Urine proteins are thought to control calcium oxalate stone formation, but over 1000 proteins have been reported in stone matrix obscuring their relative importance. Proteins critical to stone formation should be present at increased relative abundance in stone matrix compared to urine, so quantitative protein distribution data were obtained for stone matrix compared to prior urine proteome data. Matrix proteins were isolated from eight stones (> 90% calcium oxalate content) by crystal dissolution and further purified by ultradiafiltration (> 10 kDa membrane). Proteomic analyses were performed using label-free spectral counting tandem mass spectrometry, followed by stringent filtering.
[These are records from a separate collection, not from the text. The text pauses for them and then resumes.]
theorem theorem2:
  fixes M :: "'a measure" and \<pi> :: real and pp pn :: "'a \<Rightarrow> real" and n :: nat
  assumes "sigma_finite_measure M"
    and "0 < \<pi>" and "\<pi> < 1"
    and "pp \<in> borel_measurable M" and "\<And>x. x \<in> space M \<Longrightarrow> 0 \<le> pp x"
    and "(\<integral>\<^sup>+ x. ennreal (pp x) \<partial>M) = 1"
    and "pn \<in> borel_measurable M" and "\<And>x. x \<in> space M \<Longrightarrow> 0 \<le> pn x"
    and "(\<integral>\<^sup>+ x. ennreal (pn x) \<partial>M) = 1"
  shows "distr (PiM {..<n} (\<lambda>_. density (M \<Otimes>\<^sub>M M) (\<lambda>z. ennreal (pcomp_pair \<pi> pp pn z))))
              (PiM {..<n} (\<lambda>_. M)) (\<lambda>\<omega>. \<lambda>i\<in>{..<n}. fst (\<omega> i))
           = PiM {..<n} (\<lambda>_. density M (\<lambda>x. ennreal (pcomp_pos \<pi> pp pn x)))
       \<and> distr (PiM {..<n} (\<lambda>_. density (M \<Otimes>\<^sub>M M) (\<lambda>z. ennreal (pcomp_pair \<pi> pp pn z))))
              (PiM {..<n} (\<lambda>_. M)) (\<lambda>\<omega>. \<lambda>i\<in>{..<n}. snd (\<omega> i))
           = PiM {..<n} (\<lambda>_. density M (\<lambda>x. ennreal (pcomp_neg \<pi> pp pn x)))"
proof -
  interpret pcomp_model M \<pi> pp pn
    using assms by (simp add: pcomp_model_def)
  have iid: "distr (PiM {..<n} (\<lambda>_. P\<^sub>p\<^sub>a\<^sub>i\<^sub>r)) (PiM {..<n} (\<lambda>_. M)) (\<lambda>\<omega>. \<lambda>i\<in>{..<n}. g (\<omega> i))
      = PiM {..<n} (\<lambda>_. distr P\<^sub>p\<^sub>a\<^sub>i\<^sub>r M g)" if "g \<in> measurable (M \<Otimes>\<^sub>M M) M" for g
    using that prob_space_pcomp_pair by (intro distr_PiM_restrict_compose) simp_all
  show ?thesis
    using iid[OF measurable_fst] iid[OF measurable_snd]
    by (simp only: distr_fst_pcomp_pair distr_snd_pcomp_pair)
qed

end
The average matrix proteome was compared to the average urine proteome observed in random urine samples from 25 calcium oxalate stone formers reported previously. Five proteins were prominently enriched in matrix, accounting for a mass fraction of > 30% of matrix protein, but only 3% of urine protein. Many highly abundant urinary proteins, like albumin and uromodulin, were present in matrix at reduced relative abundance compared to urine, likely indicating non-selective inclusion in matrix. Furthermore, grouping proteins by isoelectric point demonstrated that the stone matrix proteome was highly enriched in both strongly anionic (i.e., osteopontin) and strongly cationic (i.e., histone) proteins, most of which are normally found in intracellular or nuclear compartments. The fact that highly anionic and highly cationic proteins aggregate at low concentrations and these aggregates can induce crystal aggregation suggests that protein aggregation may facilitate calcium oxalate stone formation, while cell injury processes are implicated by the presence of many intracellular proteins.